CGI.pm and lost carriage returns

J

Joseph Czapski

Hi, Perl practitioners. I'm having a problem with CGI.pm. If I have an
HTML form with a textarea input box, I would like my Perl program to see the
carriage returns that the user typed in so I can format his text
appropriately.

Using

$value = $q->param($name);

gives me the text with all the carriage returns deleted. Some words are
just stuck together where they were separated by only one or more carriage
returns.

I like to use CGI.pm for the neatness and the file uploading capability.

Thanks for your help!

Joe Czapski
Boston, Mass.
 
X

xhoster

Joseph Czapski said:
Hi, Perl practitioners. I'm having a problem with CGI.pm. If I have an
HTML form with a textarea input box, I would like my Perl program to see
the carriage returns that the user typed in so I can format his text
appropriately.

Using

$value = $q->param($name);

gives me the text with all the carriage returns deleted.

Most likely, either your web browser isn't sending what you think it is
sending, or the data you are seeing is not what you think you are seeing.

Can you provide an example script that produces the form and evaluates the
response in a way to demonstrate what you are saying?

Xho
 
D

David Squire

Joseph said:
Hi, Perl practitioners. I'm having a problem with CGI.pm.
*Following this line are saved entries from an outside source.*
(* There exists a constant $C=C(d)$ such that for every $\omega\in\Omega$, $(x,t)\in\mathbb R^{d+1}$, $n\in\mathbb Z$ and $u\in S(G_n(x,t),\omega)$, $$\inf_{\partial_pG_n(x,t)}u\le\inf_{G_n(x,t)}u+C\,3^{2n}\mu(G_n(x,t),\omega)^{1/(d+1)}.$$
   Context: $\Omega$ is a set of functions $F:\mathbb S^d\times\mathbb R^{d+1}\to\mathbb R$ ($\mathbb S^d$ = real symmetric $d\times d$ matrices), written $F(M,y,s,\omega)$, each uniformly elliptic: $\mathcal M^-(M-N)\le F(M,y,s,\omega)-F(N,y,s,\omega)\le\mathcal M^+(M-N)$ with Pucci operators $\mathcal M^\pm$ for constants $0<\lambda\le\Lambda$, and with $F(M,\cdot,\cdot,\omega)$ bounded and continuous. For $Q=Q'\times(t_1,t_2]$, $\partial_pQ=(Q'\times\{t_1\})\cup(\partial Q'\times[t_1,t_2))$. $S(Q,\omega)$ is the set of $u\in C(Q)$ with $u_t+F(D^2u,x,t,\omega)\ge0$ in $Q$ in the viscosity sense. Monotone envelope on $Q$: $\Gamma^u(x,t)=\sup\{p\cdot x+h: p\cdot y+h\le u(y,s)\ \forall (y,s)\in Q,\ s\le t\}$. Parabolic subdifferential: $\mathcal P((x_0,t_0);w)=\{(p,h):\min_{(x,s)\in Q,s\le t_0}(w(x,s)-p\cdot x)=w(x_0,t_0)-p\cdot x_0=h\}$, $\mathcal P(E;w)=\bigcup_{(x_0,t_0)\in E}\mathcal P((x_0,t_0);w)$. $\mu(Q,\omega)=|Q|^{-1}\sup\{|\mathcal P(Q;\Gamma^u)|:u\in S(Q,\omega)\}$ with $|\cdot|$ Lebesgue measure on $\mathbb R^{d+1}$. $G_n=[-\tfrac12 3^n,\tfrac12 3^n)^d\times(0,3^{2n}]$ and $G_n(x,t)=(3^n\lfloor3^{-n}x+\tfrac12\rfloor,3^{2n}\lfloor3^{-2n}t\rfloor)+G_n$ (floor taken componentwise). *)

theory Defs
  imports "HOL-Analysis.Analysis"
begin

(* Space-time points are pairs (x,t) :: real^'n * real; d = CARD('n).
   Matrices are real^'n^'n; S^d = symmetric ones. *)

type_synonym 'n mat = "real^'n^'n"
type_synonym 'n coeff = "'n mat \<Rightarrow> real^'n \<Rightarrow> real \<Rightarrow> real"

definition symm :: "'n::finite mat \<Rightarrow> bool" where
  "symm M \<longleftrightarrow> transpose M = M"

definition ell_mat :: "real \<Rightarrow> real \<Rightarrow> 'n::finite mat \<Rightarrow> bool" where
  "ell_mat lam Lam A \<longleftrightarrow> symm A \<and>
     (\<forall>\<xi>::real^'n. lam * (\<xi> \<bullet> \<xi>) \<le> \<xi> \<bullet> (A *v \<xi>) \<and> \<xi> \<bullet> (A *v \<xi>) \<le> Lam * (\<xi> \<bullet> \<xi>))"

definition pucci_plus :: "real \<Rightarrow> real \<Rightarrow> 'n::finite mat \<Rightarrow> real" where
  "pucci_plus lam Lam M = Sup {- trace (A ** M) | A. ell_mat lam Lam A}"

definition pucci_minus :: "real \<Rightarrow> real \<Rightarrow> 'n::finite mat \<Rightarrow> real" where
  "pucci_minus lam Lam M = Inf {- trace (A ** M) | A. ell_mat lam Lam A}"

definition Omega :: "real \<Rightarrow> real \<Rightarrow> ('n::finite coeff) set" where
  "Omega lam Lam = {F.
     (\<forall>M N y s. symm M \<longrightarrow> symm N \<longrightarrow>
        pucci_minus lam Lam (M - N) \<le> F M y s - F N y s \<and>
        F M y s - F N y s \<le> pucci_plus lam Lam (M - N)) \<and>
     (\<forall>M. symm M \<longrightarrow> bounded (range (\<lambda>(y,s). F M y s)) \<and>
                     continuous_on UNIV (\<lambda>(y,s). F M y s))}"

definition cyl :: "(real^'n::finite) set \<Rightarrow> real \<Rightarrow> real \<Rightarrow> ((real^'n) \<times> real) set" where
  "cyl Q' t1 t2 = Q' \<times> {t1<..t2}"

definition par_bdry :: "(real^'n::finite) set \<Rightarrow> real \<Rightarrow> real \<Rightarrow> ((real^'n) \<times> real) set" where
  "par_bdry Q' t1 t2 = (Q' \<times> {t1}) \<union> (frontier Q' \<times> {t1..<t2})"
If I have an
HTML form with a textarea input box, I would like my Perl program to see the
carriage returns that the user typed in so I can format his text
appropriately.

Using

$value = $q->param($name);

gives me the text with all the carriage returns deleted. Some words are
just stuck together where they were separated by only one or more carriage
returns.

How and where are you displaying $value to make this judgment? In a web
browser? If so, not that HTML does not recognize carriage returns - it
uses <BR> (or <BR/> for XHTML :) ) to indicate line breaks.

Still, it should at least treat them as white space...

Can you give us some more details, e.g. as the posting guidelines for
this group say, a small but complete script demonstrating your problem
(including data)?


DS
 
U

usenet

Joseph said:
Hi, Perl practitioners. I'm having a problem with CGI.pm. If I have an
HTML form with a textarea input box, I would like my Perl program to see the
carriage returns that the user typed in so I can format his text appropriately.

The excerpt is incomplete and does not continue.